Material provided START

(* Consider the homogeneous two-fluid model in $\mathbb{R}^d$: unknowns are the volume fractions $\alpha^\pm\in[0,1]$ with $\alpha^++\alpha^-=1$, the phase densities $\rho^\pm>0$, a common velocity field $\vec{u}$, a common pressure $p$ and the mixture specific internal energy $e$, satisfying \begin{align*} (\alpha^+\rho^+)_t + \nabla\cdot(\alpha^+\rho^+\vec{u}) &= 0,\\ (\alpha^-\rho^-)_t + \nabla\cdot(\alpha^-\rho^-\vec{u}) &= 0,\\ (\rho\vec{u})_t + \nabla\cdot(\rho\vec{u}\otimes\vec{u} + p\,\mathbb{I}) &= \rho\vec{g},\\ (\rho E)_t + \nabla\cdot(\rho H\vec{u}) &= \rho\vec{g}\cdot\vec{u}, \end{align*} where $\vec g$ is a constant gravity vector, $\rho=\alpha^+\rho^++\alpha^-\rho^-$, $E=e+\tfrac12|\vec u|^2$, $H=E+p/\rho$, and the system is closed by the mixture equation of state described in the context. Let $\alpha=\alpha^+-\alpha^-$, and let $s$ be the mixture specific entropy defined by $2\rho s=(1+\alpha)\rho^+s^++(1-\alpha)\rho^-s^-$. Then continuous solutions of this system satisfy \begin{align*} \vec{u}_t + \vec{u}\cdot\nabla\vec{u} + \frac{1}{\rho}\nabla p &= \vec{g},\\ p_t + \vec{u}\cdot\nabla p + \rho c_s^2\,\nabla\cdot\vec{u} &= 0,\\ \alpha_t + \vec{u}\cdot\nabla\alpha + (1-\alpha^2)\,\delta\,\nabla\cdot\vec{u} &= 0,\\ s_t + \vec{u}\cdot\nabla s &= 0, \end{align*} where $c_s$ and $\delta$ are defined as follows: with $(c_s^\pm)^2=\dfrac{\gamma^\pm p+\pi^\pm}{\rho^\pm}$ and $$\rho a^2=\frac{(1+\alpha)\rho^+(c_s^+)^2}{2(\gamma^+-1)}+\frac{(1-\alpha)\rho^-(c_s^-)^2}{2(\gamma^--1)},$$ $c_s>0$ is given by $$\frac{1}{\rho c_s^2}=\frac{(1+\alpha)\gamma^+}{2\rho^+(c_s^+)^2}+\frac{(1-\alpha)\gamma^-}{2\rho^-(c_s^-)^2}-\frac{1}{\rho a^2},$$ and $$\delta=\frac12\,\frac{\rho c_s^2(\gamma^-\pi^+-\gamma^+\pi^-)}{\rho^+\rho^-(c_s^+)^2(c_s^-)^2}.$$
   Context: Each pure fluid (superscript $+$ for liquid, $-$ for gas) obeys a stiffened-gas equation of state with constants $\gamma^\pm>1$, $C_V^\pm>0$, $\pi^\pm\ge 0$: $p^\pm+\pi^\pm=(\gamma^\pm-1)\rho^\pm e^\pm$ and $e^\pm=C_V^\pm T^\pm+\dfrac{\pi^\pm}{\gamma^\pm\rho^\pm}$, where $e^\pm,T^\pm$ are the specific internal energy and temperature of phase $\pm$. The mixture equation of state $p=\mathcal P(\alpha,\rho,e)$ is defined by requiring pressure and temperature equilibrium between the phases: given $\alpha\in[-1,1]$, $\rho>0$, $e>0$, one solves for $\rho^\pm,e^\pm$ the system $(1+\alpha)\rho^++(1-\alpha)\rho^-=2\rho$, $(1+\alpha)\rho^+e^++(1-\alpha)\rho^-e^-=2\rho e$, $p^+=p^-$, $T^+=T^-$, and sets $p=p^\pm$, $T=T^\pm$. Here $s^\pm$ denotes the specific entropy of phase $\pm$ (a function of $(\rho^\pm,e^\pm)$ satisfying $T^\pm ds^\pm=de^\pm+p^\pm d(1/\rho^\pm)$). *)

theory Defs
  imports "HOL-Analysis.Analysis"
begin

text \<open>Points of space-time are pairs (t, x) with t :: real and x :: real^'n (R^d, d = CARD('n)).\<close>

definition pt :: "(real \<times> (real^'n) \<Rightarrow> real) \<Rightarrow> real \<times> (real^'n) \<Rightarrow> real" where
  "pt f z = deriv (\<lambda>\<tau>. f (\<tau>, snd z)) (fst z)"

definition px :: "'n \<Rightarrow> (real \<times> (real^'n) \<Rightarrow> real) \<Rightarrow> real \<times> (real^'n) \<Rightarrow> real" where
  "px i f z = deriv (\<lambda>\<xi>. f (fst z, snd z + \<xi> *\<^sub>R axis i 1)) 0"

definition divg :: "(real \<times> (real^'n) \<Rightarrow> real^'n) \<Rightarrow> real \<times> (real^'n) \<Rightarrow> real" where
  "divg F z = (\<Sum>i\<in>UNIV. px i (\<lambda>w. F w $ i) z)"

definition adv :: "(real \<times> (real^'n) \<Rightarrow> real^'n) \<Rightarrow> (real \<times> (real^'n) \<Rightarrow> real) \<Rightarrow> real \<times> (real^'n) \<Rightarrow> real" where
  "adv u f z = (\<Sum>i\<in>UNIV. (u z $ i) * px i f z)"

text \<open>Stiffened gas: p + pi = (gamma-1) rho e,  e = Cv T + pi/(gamma rho).\<close>
definition sg_pressure :: "real \<Rightarrow> real \<Rightarrow> real \<Rightarrow> real \<Rightarrow> real" where
  "sg_pressure \<gamma> \<pi> r e = (\<gamma> - 1) * r * e - \<pi>"

definition sg_temp :: "real \<Rightarrow> real \<Rightarrow> real \<Rightarrow> real \<Rightarrow> real \<Rightarrow> real" where
  "sg_temp \<gamma> Cv \<pi> r e = (e - \<pi> / (\<gamma> * r)) / Cv"

text \<open>S is a specific entropy of the phase: T dS = de + p d(1/rho), on the physical
  domain rho > 0, T > 0.\<close>
definition is_entropy :: "real \<Rightarrow> real \<Rightarrow> real \<Rightarrow> (real \<Rightarrow> real \<Rightarrow> real) \<Rightarrow> bool" where
  "is_entropy \<gamma> Cv \<pi> S \<longleftrightarrow>
     (\<forall>r e. r > 0 \<longrightarrow> sg_temp \<gamma> Cv \<pi> r e > 0 \<longrightarrow>
        ((\<lambda>(a, b). S a b) has_derivative
          (\<lambda>(dr, de). (de - sg_pressure \<gamma> \<pi> r e / r\<^sup>2 * dr) / sg_temp \<gamma> Cv \<pi> r e)) (at (r, e)))"

definition mix_cs :: "real \<Rightarrow> real \<Rightarrow> real \<Rightarrow> real \<Rightarrow> real \<Rightarrow> real \<Rightarrow> real \<Rightarrow> real \<Rightarrow> real" where
  "mix_cs gp gm pip pim a rp rm p =
    (let csp2 = (gp * p + pip) / rp; csm2 = (gm * p + pim) / rm;
         rho = ((1 + a) * rp + (1 - a) * rm) / 2;
         rhoa2 = (1 + a) * rp * csp2 / (2 * (gp - 1)) + (1 - a) * rm * csm2 / (2 * (gm - 1));
         inv = (1 + a) * gp / (2 * rp * csp2) + (1 - a) * gm / (2 * rm * csm2) - 1 / rhoa2
     in sqrt (1 / (rho * inv)))"

definition mix_delta :: "real \<Rightarrow> real \<Rightarrow> real \<Rightarrow> real \<Rightarrow> real \<Rightarrow> real \<Rightarrow> real \<Rightarrow> real \<Rightarrow> real" where
  "mix_delta gp gm pip pim a rp rm p =
    (let csp2 = (gp * p + pip) / rp; csm2 = (gm * p + pim) / rm;
         rho = ((1 + a) * rp + (1 - a) * rm) / 2;
         cs = mix_cs gp gm pip pim a rp rm p
     in (1/2) * (rho * cs\<^sup>2 * (gm * pip - gp * pim)) / (rp * rm * csp2 * csm2))"

end

theory Submission
  imports Defs
begin

text \<open>Write D_t = d/dt + u . grad for the material derivative. Expanded by the product rule, each
  conservation law becomes a transport equation once the partial mass equations
  D_t(alpha rho) = - alpha rho div u are used: rho D_t u + grad p = rho g and, after the kinetic energy
  is subtracted with the momentum equation, rho D_t e + p div u = 0.
  The equilibrium closure is then differentiated along the flow. On the one hand
  rho e = sum of alpha (p + pi)/(gamma - 1); on the other hand the two phase temperatures are
  (gamma p + pi)/(C_V gamma (gamma - 1) rho) and stay equal. Together with the mass equations this gives two
  linear relations between D_t alpha, D_t p and div u, whose solution is
  D_t p = - rho c_s^2 div u and D_t alpha = - (1 - alpha^2) delta div u; that 1/(rho c_s^2) > 0 is a
  Cauchy-Schwarz inequality. Finally, the Gibbs relation T ds = de + p d(1/rho) of each phase with the
  common temperature T yields sum of alpha rho D_t s = 0, hence D_t s = 0 for the mixture entropy.\<close>

definition material_deriv ::
    "(real \<times> (real^'n) \<Rightarrow> real^'n) \<Rightarrow> (real \<times> (real^'n) \<Rightarrow> real) \<Rightarrow> real \<times> (real^'n) \<Rightarrow> real"
  where
  "material_deriv u f z = pt f z + adv u f z"

lemma deriv_line_has_derivative:
  fixes f :: "'a::real_normed_vector \<Rightarrow> real"
  assumes "(f has_derivative f') (at (a + t *\<^sub>R v))"
  shows "deriv (\<lambda>\<tau>. f (a + \<tau> *\<^sub>R v)) t = f' v"
proof (rule DERIV_imp_deriv)
  have "((\<lambda>\<tau>. a + \<tau> *\<^sub>R v) has_derivative (\<lambda>\<tau>. \<tau> *\<^sub>R v)) (at t)"
    by (auto intro!: derivative_eq_intros)
  from has_derivative_compose[OF this assms]
  have "((\<lambda>\<tau>. f (a + \<tau> *\<^sub>R v)) has_derivative (\<lambda>\<tau>. f' (\<tau> *\<^sub>R v))) (at t)" .
  moreover have "(\<lambda>\<tau>. f' (\<tau> *\<^sub>R v)) = (*) (f' v)"
    using linear_scale[OF has_derivative_linear[OF assms]] by (auto simp: fun_eq_iff)
  ultimately show "((\<lambda>\<tau>. f (a + \<tau> *\<^sub>R v)) has_real_derivative f' v) (at t)"
    by (simp add: has_field_derivative_def)
qed

lemma pt_has_derivative:
  assumes "(f has_derivative f') (at z)"
  shows "pt f z = f' (1, 0)"
  using deriv_line_has_derivative[of f f' "(0, snd z)" "fst z" "(1, 0)"] assms
  by (simp add: pt_def)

Material provided END

# [About this exercise]
From the material above, retype precisely the lines between the line holding "text \<open>S is" and the line holding "((\<lambda>(a, b). S", inclusive, and nothing beyond them.

# [Finished task]
text \<open>S is a specific entropy of the phase: T dS = de + p d(1/rho), on the physical
  domain rho > 0, T > 0.\<close>
definition is_entropy :: "real \<Rightarrow> real \<Rightarrow> real \<Rightarrow> (real \<Rightarrow> real \<Rightarrow> real) \<Rightarrow> bool" where
  "is_entropy \<gamma> Cv \<pi> S \<longleftrightarrow>
     (\<forall>r e. r > 0 \<longrightarrow> sg_temp \<gamma> Cv \<pi> r e > 0 \<longrightarrow>
        ((\<lambda>(a, b). S a b) has_derivative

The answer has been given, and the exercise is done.